Explanation: This is a nifty trick. The subquery simply produces a temporary table with one single value, the maximum of the column col of table my_table. Then we again select the maximum value of column col of my_table where the value is not in the temporary table we’ve produced, i.e., the maximum of the values that include every value except the actual maximum is the second highest value. Additionally, if there is no second highest value, there is nothing to select so we naturally produce a null value.

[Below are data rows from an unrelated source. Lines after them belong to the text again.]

(* Let $m,n\ge 1$ and let $F\subseteq\{1,\dots,m\}\times\{1,\dots,n\}$ be a binary image with row sums $\mathcal R=(r_1,\dots,r_m)$ and column sums $\mathcal C=(c_1,\dots,c_n)$, where $r_1=n$ and $r_m=0$. Let $L_h$ be the length of the horizontal boundary of $F$. Define $b_i=\#\{j: c_j\ge i\}$ and $d_i=b_i-r_i$ for $i=1,\dots,m$. Then for every integer $t\ge 0$ and every choice of indices $1\le i_1<i_2<\dots<i_{2t+1}\le m$, \[ L_h\ \ge\ 2n+d_{i_1}-d_{i_2}+d_{i_3}-\cdots-d_{i_{2t}}+2d_{i_{2t+1}}, \] \[ L_h\ \ge\ 2n-d_{i_{2t+1}}+d_{i_{2t}}-d_{i_{2t-1}}+\cdots+d_{i_2}-2d_{i_1}. \]
   Context: A binary image is a finite set $F\subseteq\mathbb Z^2$; point $(i,j)$ lies in row $i$ and column $j$ (row indices increase downwards, column indices to the right). The row sum $r_i$ is the number of points of $F$ in row $i$, and the column sum $c_j$ is the number of points of $F$ in column $j$. The horizontal boundary of $F$ is the set of ordered pairs of points $((i,j),(i',j))$ of $\mathbb Z^2$ with $|i-i'|=1$, $(i,j)\in F$ and $(i',j)\notin F$ (so pieces above the top cell or below the bottom cell of a column also count); its length is the number of such pairs. *)

theory Defs
  imports Main
begin

text \<open>A binary image is a finite set of integer points (row, column).\<close>

definition row_sum :: "(int \<times> int) set \<Rightarrow> int \<Rightarrow> nat" where
  "row_sum F i = card {j. (i, j) \<in> F}"

definition col_sum :: "(int \<times> int) set \<Rightarrow> int \<Rightarrow> nat" where
  "col_sum F j = card {i. (i, j) \<in> F}"

definition hboundary :: "(int \<times> int) set \<Rightarrow> ((int \<times> int) \<times> (int \<times> int)) set" where
  "hboundary F = {((i, j), (i', j')). j' = j \<and> \<bar>i - i'\<bar> = 1 \<and> (i, j) \<in> F \<and> (i', j') \<notin> F}"

definition hboundary_length :: "(int \<times> int) set \<Rightarrow> nat" where
  "hboundary_length F = card (hboundary F)"

definition bseq :: "(int \<times> int) set \<Rightarrow> int \<Rightarrow> int \<Rightarrow> nat" where
  "bseq F n i = card {j \<in> {1..n}. int (col_sum F j) \<ge> i}"

definition dseq :: "(int \<times> int) set \<Rightarrow> int \<Rightarrow> int \<Rightarrow> int" where
  "dseq F n i = int (bseq F n i) - int (row_sum F i)"

end

theory Submission imports Defs begin

(*
  The horizontal boundary splits into the columns of the image.  For a
  column with point set S \<subseteq> {1..M}, where 1 \<in> S and M \<notin> S, its boundary length is
  twice the number of descents of the indicator of S (rows y \<in> S with y + 1 \<notin> S),
  and its contribution to d_i is the defect  [i \<le> |S|] - [i \<in> S].  Since the step
  function [i \<le> |S|] never increases, the positive variation of the defect is at most
  the number of descents; an alternating sum over increasing indices is in turn
  bounded by a positive variation.  A short case analysis (S an initial interval or
  not) then gives both inequalities for a single column, and summing over the
  columns 1..n yields the theorem.
*)

section \<open>Positive variation of an integer function\<close>

definition posvar :: "(int \<Rightarrow> int) \<Rightarrow> int \<Rightarrow> int \<Rightarrow> int" where
  "posvar h a b = (\<Sum>y\<in>{a..<b}. max 0 (h (y + 1) - h y))"

lemma posvar_step: "a \<le> b \<Longrightarrow> posvar h a (b + 1) = posvar h a b + max 0 (h (b + 1) - h b)"
proof -
  assume "a \<le> b"
  then have "{a..<b + 1} = insert b {a..<b}" by auto
  then show ?thesis unfolding posvar_def by simp
qed

lemma posvar_nonneg: "0 \<le> posvar h a b"
  unfolding posvar_def by (rule sum_nonneg) simp

lemma posvar_split: "a \<le> b \<Longrightarrow> b \<le> c \<Longrightarrow> posvar h a c = posvar h a b + posvar h b c"
proof -
  assume "a \<le> b" "b \<le> c"
  then have "{a..<c} = {a..<b} \<union> {b..<c}" by auto
  then show ?thesis unfolding posvar_def by (simp add: sum.union_disjoint)
qed

lemma posvar_ge_increment: "a \<le> b \<Longrightarrow> h b - h a \<le> posvar h a b"
proof (induction b rule: int_ge_induct)
  case base then show ?case by (simp add: posvar_def)
next
  case (step k) then show ?case by (simp add: posvar_step)
qed

lemma posvar_minus_negvar: "a \<le> b \<Longrightarrow> posvar h a b - posvar (\<lambda>y. - h y) a b = h b - h a"
proof (induction b rule: int_ge_induct)
  case base then show ?case by (simp add: posvar_def)
next
  case (step k) then show ?case by (simp add: posvar_step max_def)
qed

lemma posvar_mono:
  "(\<And>y. a \<le> y \<Longrightarrow> y < b \<Longrightarrow> h (y + 1) - h y \<le> h' (y + 1) - h' y) \<Longrightarrow> posvar h a b \<le> posvar h' a b"
  unfolding posvar_def by (intro sum_mono max.mono) auto

lemma posvar_mono_interval: "a' \<le> a \<Longrightarrow> a \<le> b \<Longrightarrow> b \<le> b' \<Longrightarrow> posvar h a b \<le> posvar h a' b'"
  using posvar_split[of a' a b h] posvar_split[of a' b b' h]
    posvar_nonneg[of h a' a] posvar_nonneg[of h b b'] by linarith

lemma posvar_const:
  assumes "\<And>y. a \<le> y \<Longrightarrow> h y = h a"
  shows "posvar h a b = 0"
  unfolding posvar_def
proof (intro sum.neutral ballI)
  fix y assume "y \<in> {a..<b}"
  then have "h (y + 1) = h a" "h y = h a" using assms[of y] assms[of "y + 1"] by simp_all
  then show "max 0 (h (y + 1) - h y) = 0" by simp
qed


section \<open>Alternating sums over increasing indices\<close>

lemma increasing_index_mono:
  assumes "\<And>k. k < N \<Longrightarrow> idx k < idx (Suc k)"
  shows "k \<le> N \<Longrightarrow> (idx 0 :: int) \<le> idx k"
proof (induction k)
  case (Suc k) then show ?case using assms[of k] by force
qed simp

text \<open>h(i_0) - h(i_1) + ... - h(i_{2t-1}) + h(i_{2t}) - h(a) is a sum of increments of h
  over disjoint subintervals of [a, i_{2t}], hence bounded by the positive variation.\<close>
lemma alternating_sum_le_posvar:
  fixes h :: "int \<Rightarrow> int" and idx :: "nat \<Rightarrow> int"
  shows "(\<And>k. k < 2 * t \<Longrightarrow> idx k < idx (Suc k)) \<Longrightarrow> a \<le> idx 0 \<Longrightarrow>
    (\<Sum>k<2 * t. (-1) ^ k * h (idx k)) + h (idx (2 * t)) \<le> h a + posvar h a (idx (2 * t))"
proof (induction t)
  case 0 then show ?case using posvar_ge_increment[of a "idx 0" h] by simp
next
  case (Suc t)
  have IH: "(\<Sum>k<2 * t. (-1) ^ k * h (idx k)) + h (idx (2 * t)) \<le> h a + posvar h a (idx (2 * t))"
    using Suc by auto
  have two_Suc: "2 * Suc t = 2 * t + 2" by simp
  have i01: "idx (2 * t) < idx (2 * t + 1)" "idx (2 * t + 1) < idx (2 * t + 2)"
    using Suc.prems(1)[of "2 * t"] Suc.prems(1)[of "2 * t + 1"] by simp_all
  have "a \<le> idx (2 * t)"
    using increasing_index_mono[of "2 * Suc t" idx "2 * t"] Suc.prems by simp
  then have "posvar h a (idx (2 * t + 2)) = posvar h a (idx (2 * t))
      + posvar h (idx (2 * t)) (idx (2 * t + 1)) + posvar h (idx (2 * t + 1)) (idx (2 * t + 2))"
    using posvar_split[of a "idx (2 * t)" "idx (2 * t + 2)" h] i01
      posvar_split[of "idx (2 * t)" "idx (2 * t + 1)" "idx (2 * t + 2)" h] by simp
  moreover have "h (idx (2 * t + 2)) - h (idx (2 * t + 1)) \<le> posvar h (idx (2 * t + 1)) (idx (2 * t + 2))"
    using posvar_ge_increment i01 by simp
  moreover have "(\<Sum>k<2 * t + 2. (-1) ^ k * h (idx k))
      = (\<Sum>k<2 * t. (-1) ^ k * h (idx k)) + h (idx (2 * t)) - h (idx (2 * t + 1))"
    by simp
  ultimately show ?case unfolding two_Suc
    using IH posvar_nonneg[of h "idx (2 * t)" "idx (2 * t + 1)"] by linarith
qed

lemma alternating_sum_le_posvar':
  fixes h :: "int \<Rightarrow> int" and idx :: "nat \<Rightarrow> int"
  shows "(\<And>k. k < 2 * t \<Longrightarrow> idx k < idx (Suc k)) \<Longrightarrow>
    - h (idx 0) + (\<Sum>k\<in>{1..2 * t}. (-1) ^ (k + 1) * h (idx k)) + h (idx (2 * t))
      \<le> posvar h (idx 0) (idx (2 * t))"
proof (induction t)
  case 0 then show ?case by (simp add: posvar_def)
next
  case (Suc t)
  have IH: "- h (idx 0) + (\<Sum>k\<in>{1..2 * t}. (-1) ^ (k + 1) * h (idx k)) + h (idx (2 * t))
      \<le> posvar h (idx 0) (idx (2 * t))"
    using Suc by auto
  have two_Suc: "2 * Suc t = 2 * t + 2" by simp
  have i01: "idx (2 * t) < idx (2 * t + 1)" "idx (2 * t + 1) < idx (2 * t + 2)"
    using Suc.prems(1)[of "2 * t"] Suc.prems(1)[of "2 * t + 1"] by simp_all
  have "idx 0 \<le> idx (2 * t)"
    using increasing_index_mono[of "2 * Suc t" idx "2 * t"] Suc.prems by simp
  then have "posvar h (idx 0) (idx (2 * t + 2)) = posvar h (idx 0) (idx (2 * t))
      + posvar h (idx (2 * t)) (idx (2 * t + 1)) + posvar h (idx (2 * t + 1)) (idx (2 * t + 2))"
    using posvar_split[of "idx 0" "idx (2 * t)" "idx (2 * t + 2)" h] i01
      posvar_split[of "idx (2 * t)" "idx (2 * t + 1)" "idx (2 * t + 2)" h] by simp
  moreover have "h (idx (2 * t + 1)) - h (idx (2 * t)) \<le> posvar h (idx (2 * t)) (idx (2 * t + 1))"
    using posvar_ge_increment i01 by simp
  moreover have "(\<Sum>k\<in>{1..2 * t + 2}. (-1) ^ (k + 1) * h (idx k))
      = (\<Sum>k\<in>{1..2 * t}. (-1) ^ (k + 1) * h (idx k)) + h (idx (2 * t + 1)) - h (idx (2 * t + 2))"
    by simp
  ultimately show ?case unfolding two_Suc
    using IH posvar_nonneg[of h "idx (2 * t + 1)" "idx (2 * t + 2)"] by linarith
qed


section \<open>Descents and defect of a set of rows\<close>

definition ind :: "int set \<Rightarrow> int \<Rightarrow> int" where
  "ind S y = (if y \<in> S then 1 else 0)"

text \<open>Number of rows y \<in> [a, b) with y \<in> S and y + 1 \<notin> S.\<close>
definition descents :: "int set \<Rightarrow> int \<Rightarrow> int \<Rightarrow> int" where
  "descents S a b = posvar (\<lambda>y. - ind S y) a b"

text \<open>Contribution of a column S to d_y: the column sorted to the top minus the column itself.\<close>
definition defect :: "int set \<Rightarrow> int \<Rightarrow> int" where
  "defect S y = (if y \<le> int (card S) then 1 else 0) - ind S y"

lemma defect_interval: "0 \<le> c \<Longrightarrow> 1 \<le> y \<Longrightarrow> defect {1..c} y = 0"
  unfolding defect_def ind_def by auto

lemma descents_nonneg: "0 \<le> descents S a b"
  unfolding descents_def by (rule posvar_nonneg)

lemma descents_split: "a \<le> b \<Longrightarrow> b \<le> c \<Longrightarrow> descents S a c = descents S a b + descents S b c"
  unfolding descents_def by (rule posvar_split)

lemma descents_mono_interval: "a' \<le> a \<Longrightarrow> a \<le> b \<Longrightarrow> b \<le> b' \<Longrightarrow> descents S a b \<le> descents S a' b'"
  unfolding descents_def by (rule posvar_mono_interval)

lemma descents_ge_1: "a \<le> b \<Longrightarrow> a \<in> S \<Longrightarrow> b \<notin> S \<Longrightarrow> 1 \<le> descents S a b"
  using posvar_ge_increment[of a b "\<lambda>y. - ind S y"] unfolding descents_def ind_def by simp

text \<open>Every positive increment of the defect is a descent of S, because the step
  function [y \<le> |S|] never increases.\<close>
lemma posvar_defect_le_descents: "posvar (defect S) a b \<le> descents S a b"
  unfolding descents_def defect_def by (rule posvar_mono) auto

text \<open>For S \<subseteq> {1..m}: the number of ascents of its indicator on [0, m+1] equals the
  number of descents, and all descents lie in [1, m+1).\<close>
lemma ascents_plus_descents:
  assumes "S \<subseteq> {1..m}" "0 \<le> m"
  shows "posvar (ind S) 0 (m + 1) + descents S 0 (m + 1) = 2 * descents S 1 (m + 1)"
proof -
  have ends: "ind S 0 = 0" "ind S (m + 1) = 0" using assms unfolding ind_def by auto
  have "posvar (ind S) 0 (m + 1) = descents S 0 (m + 1)"
    using posvar_minus_negvar[of 0 "m + 1" "ind S"] assms(2) ends unfolding descents_def by simp
  moreover have "descents S 0 1 = 0"
  proof -
    have "{0..<1 :: int} = {0}" by auto
    then show ?thesis using ends unfolding descents_def posvar_def ind_def by simp
  qed
  ultimately show ?thesis using descents_split[of 0 1 "m + 1" S] assms(2) by simp
qed


section \<open>Bounds for a single column\<close>

locale column =
  fixes S :: "int set" and M :: int
  assumes rows: "S \<subseteq> {1..M}" and first: "1 \<in> S" and last: "M \<notin> S"
begin

lemma finite_rows: "finite S"
  using rows finite_subset by blast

High-level view of storing data in a database

Records, bytes, tables, pages and files

  • Record - a set of information grouped together, where the different pieces of information can have different types;
  • Byte representation of a record - how the record is actually stored in disk as bytes. Since records can have fields of different types, not all fields take up the same amount of bytes. Additionally, fields can be of fixed size, such as char, or of variable size, such as varchar. The specification of the types that compose a record is called a schema;
    • There are many ways a record can be represented in disk. For example, records can be of fixed length or of variable length and this obviously changes how we store and access them. However, the goals are always the same: records should be compact in memory/disk and there should be fast access to their fields;
  • Table - a collection of records sharing a schema;
  • Page - a chunk of sequential bytes that composes a unit of transfer for disk read/write and that can hold multiple records;
    • Much like records, the way page layout is handled is also affected by whether or not the records are of fixed length. Most notably, the records in a page can be packed or unpacked, where packed refers to not having “empty” bytes between records in a page;
  • File - a logical collection of pages that compose a table. Note that tables can span multiple files or even multiple machines;
    • Files themselves in a database can be structured in a variety of ways: unordered heap files (records placed arbitrarily across pages), clustered heap files (records and pages are grouped), sorted files (pages and records are in sorter order), index files (B+ trees, linear hashing, etc., may contain records or point to records in other files), etc.

Note that we’ve used a slotted page as an example, but that is just one out of many possible ways to manage records in a page.